### Provided records
◆ ◆ ◆ ◆ ◆ ◆ ◆

lemma psubset_adjoin: "0 \<in> A \<Longrightarrow> v \<notin> A \<Longrightarrow> A \<subset> adjoin v A"
  by (force simp: adjoin_def)

section \<open>Extension of additive maps and nondegeneracy of omega\<close>

definition adjoin_map :: "pvec set \<Rightarrow> pvec \<Rightarrow> 'b::plus \<Rightarrow> (pvec \<Rightarrow> 'b) \<Rightarrow> pvec \<Rightarrow> 'b" where
  "adjoin_map A v c f x = (if x \<in> A then f x else c + f (v + x))"

lemma adjoin_map_in [simp]: "x \<in> A \<Longrightarrow> adjoin_map A v c f x = f x"
  by (simp add: adjoin_map_def)

lemma adjoin_map_out:
  "subspace_in J A \<Longrightarrow> v \<notin> A \<Longrightarrow> a \<in> A \<Longrightarrow> adjoin_map A v c f (v + a) = c + f a"
  by (simp add: adjoin_map_def subspace_in_add_iff)

lemma additive_on_adjoin_map:
  fixes f :: "pvec \<Rightarrow> 'b::ab_group_add"
  assumes A: "subspace_in J A" and v: "v \<notin> A" and f: "additive_on A f" and c: "c + c = 0"
  shows "additive_on (adjoin v A) (adjoin_map A v c f)"
  unfolding additive_on_def
proof (intro ballI)
  note ext_out = adjoin_map_out[OF A v] and add_in = subspace_inD(3)[OF A]
    and add_f = additive_onD[OF f]
  fix x y assume "x \<in> adjoin v A" "y \<in> adjoin v A"
  then show "adjoin_map A v c f (x + y) = adjoin_map A v c f x + adjoin_map A v c f y"
  proof (elim adjoin_cases)
    assume "x \<in> A" "y \<in> A"
    then show ?thesis by (simp add: add_in add_f)
  next
    fix b assume "x \<in> A" "b \<in> A" "y = v + b"
    moreover have "x + (v + b) = v + (x + b)" by (rule add.left_commute)
    ultimately show ?thesis
      by (simp only: ext_out add_in add_f adjoin_map_in) (simp add: ac_simps)
  next
    fix a assume "a \<in> A" "x = v + a" "y \<in> A"
    moreover have "v + a + y = v + (a + y)" by (rule add.assoc)
    ultimately show ?thesis
      by (simp only: ext_out add_in add_f adjoin_map_in) (simp add: ac_simps)
  next
    fix a b assume "a \<in> A" "x = v + a" "b \<in> A" "y = v + b"
    moreover have "v + a + (v + b) = a + b" by (simp add: ac_simps)
    moreover have "c + f a + (c + f b) = f a + f b"
      using c by (metis add.assoc add.left_commute add_0)
    ultimately show ?thesis
      by (simp only: ext_out add_in add_f adjoin_map_in)
  qed
qed
lemma block3_quadratic_form:
  assumes "x \<in> carrier_vec n" "y \<in> carrier_vec p" "z \<in> carrier_vec q"
  shows "(x @\<^sub>v y @\<^sub>v z) \<bullet> (block3 M11 M12 M13 M21 M22 M23 M31 M32 M33 *\<^sub>v (x @\<^sub>v y @\<^sub>v z))
    = x \<bullet> (M11 *\<^sub>v x) + x \<bullet> (M12 *\<^sub>v y) + x \<bullet> (M13 *\<^sub>v z)
    + y \<bullet> (M21 *\<^sub>v x) + y \<bullet> (M22 *\<^sub>v y) + y \<bullet> (M23 *\<^sub>v z)
    + z \<bullet> (M31 *\<^sub>v x) + z \<bullet> (M32 *\<^sub>v y) + z \<bullet> (M33 *\<^sub>v z)"
proof -
  have yz: "y @\<^sub>v z \<in> carrier_vec (p + q)" using assms by simp
  show ?thesis
    unfolding block3_def
    using carriers assms
    by (simp add: four_block_mat_mult_vec[OF carriers(1) hcat_carrier[OF carriers(2,3)]
          carrier_append_rows[OF carriers(4,7)] four_block_carrier_mat[OF carriers(5,9)] assms(1) yz]
        four_block_mat_mult_vec[OF carriers(5,6,8,9) assms(2,3)]
        hcat_mult_vec[OF carriers(2,3) assms(2,3)] mat_mult_append[OF carriers(4,7) assms(1)]
        append_vec_add[of _ p _ _ q] scalar_prod_append[of _ n _ "p + q"] scalar_prod_append[of _ p _ q]
        scalar_prod_add_distrib[of _ n] scalar_prod_add_distrib[of _ p] scalar_prod_add_distrib[of _ q])
qed

end
lemma reachable_below_balanced_vector:
  assumes x: "balanced x t" and t: "1 \<le> t"
    and "reachable (c, m, b)"
  shows "added_chips (c, m, b) \<le> t \<and> (\<forall>k\<in>{1..r}. m k \<le> x k)
    \<and> (added_chips (c, m, b) = t \<longrightarrow> stopped r rv u (c, m, b))"
  using assms(3)
proof (induction "(c, m, b)" arbitrary: c m b rule: reachable_induct)
  case init
  then show ?case using added_chips_init t by (auto simp: init_state_def)
next
  case (step c m b c' m' b')
  then have below: "\<forall>k\<in>{1..r}. m k \<le> x k" and added: "added_chips (c, m, b) < t"
    unfolding engel_step_def by fastforce+
  from step.hyps(2) consider i where "move1 s r rv rm i (c, m, b) (c', m', b')"
    | "move2 r rv u (c, m, b) (c', m', b')"
    unfolding engel_step_def by blast
  then show ?case
  proof cases
    case 1
    then have "m i < x i" "m' = m(i := Suc (m i))" "\<not> b'"
      using fireable_below_balanced[OF x step.hyps(1) below added] unfolding move1_def by auto
    then show ?thesis
      using below added engel_step_effect[OF step.hyps(2)] by auto
  next
    case 2
    then have "m' = m" "b'" "c' = c(u := c u + 1)" "\<forall>i\<in>{1..r}. c i < rv i"
      unfolding move2_def by auto
    then show ?thesis
      using below added engel_step_effect[OF step.hyps(2)] step.hyps(1)
        balanced_addition_restores_critical_loading[OF x step.hyps(1) below]
      by (auto simp: stopped_def)
  qed
qed

lemma recurrence_balanced_vector:
  assumes reach: "reachable (c, m, b)" "reachable (c', m', b')"
    and same_chips: "\<forall>j\<in>{1..r}. c j = c' j" and mono: "\<forall>k\<in>{1..r}. m k \<le> m' k"
    and later: "move_count (c, m, b) < move_count (c', m', b')"
  obtains x t where "balanced x t" and "1 \<le> t"
proof -
  define x where "x k = m' k - m k" for k
  define t where "t = added_chips (c', m', b') - added_chips (c, m, b)"
  have x: "balanced x t"
    unfolding balanced_def
  proof
    fix j assume j: "j \<in> {1..r}"
    show "net_outflow x j = (if j = u then t else 0)"
      using net_outflow_diff[OF mono j] reachable_balance[OF reach(1) j] reachable_balance[OF reach(2) j]
        same_chips j unfolding x_def t_def by (cases "j = u") (simp_all del: added_chips.simps)
  qed
  have "1 \<le> t"
  proof (rule ccontr)
    assume "\<not> 1 \<le> t"
    then have "\<forall>k\<in>{1..r}. x k = 0"
      using x unfolding balanced_def by (intro net_outflow_nonpos_eq_0) auto
    then have "(\<Sum>k=1..r. int (m' k)) = (\<Sum>k=1..r. int (m k))"
      using mono unfolding x_def by (intro sum.cong) force+
    then have "move_count (c', m', b') - move_count (c, m, b) = t"
      unfolding t_def by (simp del: added_chips.simps)
    then show False using later \<open>\<not> 1 \<le> t\<close> by simp
  qed
  then show ?thesis using that x by blast
qed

◆ ◆ ◆ ◆ ◆ ◆ ◆

### Aim of the task
Transcribe the entire listing above.

### Output
lemma psubset_adjoin: "0 \<in> A \<Longrightarrow> v \<notin> A \<Longrightarrow> A \<subset> adjoin v A"
  by (force simp: adjoin_def)

section \<open>Extension of additive maps and nondegeneracy of omega\<close>

definition adjoin_map :: "pvec set \<Rightarrow> pvec \<Rightarrow> 'b::plus \<Rightarrow> (pvec \<Rightarrow> 'b) \<Rightarrow> pvec \<Rightarrow> 'b" where
  "adjoin_map A v c f x = (if x \<in> A then f x else c + f (v + x))"

lemma adjoin_map_in [simp]: "x \<in> A \<Longrightarrow> adjoin_map A v c f x = f x"
  by (simp add: adjoin_map_def)

lemma adjoin_map_out:
  "subspace_in J A \<Longrightarrow> v \<notin> A \<Longrightarrow> a \<in> A \<Longrightarrow> adjoin_map A v c f (v + a) = c + f a"
  by (simp add: adjoin_map_def subspace_in_add_iff)

lemma additive_on_adjoin_map:
  fixes f :: "pvec \<Rightarrow> 'b::ab_group_add"
  assumes A: "subspace_in J A" and v: "v \<notin> A" and f: "additive_on A f" and c: "c + c = 0"
  shows "additive_on (adjoin v A) (adjoin_map A v c f)"
  unfolding additive_on_def
proof (intro ballI)
  note ext_out = adjoin_map_out[OF A v] and add_in = subspace_inD(3)[OF A]
    and add_f = additive_onD[OF f]
  fix x y assume "x \<in> adjoin v A" "y \<in> adjoin v A"
  then show "adjoin_map A v c f (x + y) = adjoin_map A v c f x + adjoin_map A v c f y"
  proof (elim adjoin_cases)
    assume "x \<in> A" "y \<in> A"
    then show ?thesis by (simp add: add_in add_f)
  next
    fix b assume "x \<in> A" "b \<in> A" "y = v + b"
    moreover have "x + (v + b) = v + (x + b)" by (rule add.left_commute)
    ultimately show ?thesis
      by (simp only: ext_out add_in add_f adjoin_map_in) (simp add: ac_simps)
  next
    fix a assume "a \<in> A" "x = v + a" "y \<in> A"
    moreover have "v + a + y = v + (a + y)" by (rule add.assoc)
    ultimately show ?thesis
      by (simp only: ext_out add_in add_f adjoin_map_in) (simp add: ac_simps)
  next
    fix a b assume "a \<in> A" "x = v + a" "b \<in> A" "y = v + b"
    moreover have "v + a + (v + b) = a + b" by (simp add: ac_simps)
    moreover have "c + f a + (c + f b) = f a + f b"
      using c by (metis add.assoc add.left_commute add_0)
    ultimately show ?thesis
      by (simp only: ext_out add_in add_f adjoin_map_in)
  qed
qed
lemma block3_quadratic_form:
  assumes "x \<in> carrier_vec n" "y \<in> carrier_vec p" "z \<in> carrier_vec q"
  shows "(x @\<^sub>v y @\<^sub>v z) \<bullet> (block3 M11 M12 M13 M21 M22 M23 M31 M32 M33 *\<^sub>v (x @\<^sub>v y @\<^sub>v z))
    = x \<bullet> (M11 *\<^sub>v x) + x \<bullet> (M12 *\<^sub>v y) + x \<bullet> (M13 *\<^sub>v z)
    + y \<bullet> (M21 *\<^sub>v x) + y \<bullet> (M22 *\<^sub>v y) + y \<bullet> (M23 *\<^sub>v z)
    + z \<bullet> (M31 *\<^sub>v x) + z \<bullet> (M32 *\<^sub>v y) + z \<bullet> (M33 *\<^sub>v z)"
proof -
  have yz: "y @\<^sub>v z \<in> carrier_vec (p + q)" using assms by simp
  show ?thesis
    unfolding block3_def
    using carriers assms
    by (simp add: four_block_mat_mult_vec[OF carriers(1) hcat_carrier[OF carriers(2,3)]
          carrier_append_rows[OF carriers(4,7)] four_block_carrier_mat[OF carriers(5,9)] assms(1) yz]
        four_block_mat_mult_vec[OF carriers(5,6,8,9) assms(2,3)]
        hcat_mult_vec[OF carriers(2,3) assms(2,3)] mat_mult_append[OF carriers(4,7) assms(1)]
        append_vec_add[of _ p _ _ q] scalar_prod_append[of _ n _ "p + q"] scalar_prod_append[of _ p _ q]
        scalar_prod_add_distrib[of _ n] scalar_prod_add_distrib[of _ p] scalar_prod_add_distrib[of _ q])
qed

end
lemma reachable_below_balanced_vector:
  assumes x: "balanced x t" and t: "1 \<le> t"
    and "reachable (c, m, b)"
  shows "added_chips (c, m, b) \<le> t \<and> (\<forall>k\<in>{1..r}. m k \<le> x k)
    \<and> (added_chips (c, m, b) = t \<longrightarrow> stopped r rv u (c, m, b))"
  using assms(3)
proof (induction "(c, m, b)" arbitrary: c m b rule: reachable_induct)
  case init
  then show ?case using added_chips_init t by (auto simp: init_state_def)
next
  case (step c m b c' m' b')
  then have below: "\<forall>k\<in>{1..r}. m k \<le> x k" and added: "added_chips (c, m, b) < t"
    unfolding engel_step_def by fastforce+
  from step.hyps(2) consider i where "move1 s r rv rm i (c, m, b) (c', m', b')"
    | "move2 r rv u (c, m, b) (c', m', b')"
    unfolding engel_step_def by blast
  then show ?case
  proof cases
    case 1
    then have "m i < x i" "m' = m(i := Suc (m i))" "\<not> b'"
      using fireable_below_balanced[OF x step.hyps(1) below added] unfolding move1_def by auto
    then show ?thesis
      using below added engel_step_effect[OF step.hyps(2)] by auto
  next
    case 2
    then have "m' = m" "b'" "c' = c(u := c u + 1)" "\<forall>i\<in>{1..r}. c i < rv i"
      unfolding move2_def by auto
    then show ?thesis
      using below added engel_step_effect[OF step.hyps(2)] step.hyps(1)
        balanced_addition_restores_critical_loading[OF x step.hyps(1) below]
      by (auto simp: stopped_def)
  qed
qed

lemma recurrence_balanced_vector:
  assumes reach: "reachable (c, m, b)" "reachable (c', m', b')"
    and same_chips: "\<forall>j\<in>{1..r}. c j = c' j" and mono: "\<forall>k\<in>{1..r}. m k \<le> m' k"
    and later: "move_count (c, m, b) < move_count (c', m', b')"
  obtains x t where "balanced x t" and "1 \<le> t"
proof -
  define x where "x k = m' k - m k" for k
  define t where "t = added_chips (c', m', b') - added_chips (c, m, b)"
  have x: "balanced x t"
    unfolding balanced_def
  proof
    fix j assume j: "j \<in> {1..r}"
    show "net_outflow x j = (if j = u then t else 0)"
      using net_outflow_diff[OF mono j] reachable_balance[OF reach(1) j] reachable_balance[OF reach(2) j]
        same_chips j unfolding x_def t_def by (cases "j = u") (simp_all del: added_chips.simps)
  qed
  have "1 \<le> t"
  proof (rule ccontr)
    assume "\<not> 1 \<le> t"
    then have "\<forall>k\<in>{1..r}. x k = 0"
      using x unfolding balanced_def by (intro net_outflow_nonpos_eq_0) auto
    then have "(\<Sum>k=1..r. int (m' k)) = (\<Sum>k=1..r. int (m k))"
      using mono unfolding x_def by (intro sum.cong) force+
    then have "move_count (c', m', b') - move_count (c, m, b) = t"
      unfolding t_def by (simp del: added_chips.simps)
    then show False using later \<open>\<not> 1 \<le> t\<close> by simp
  qed
  then show ?thesis using that x by blast
qed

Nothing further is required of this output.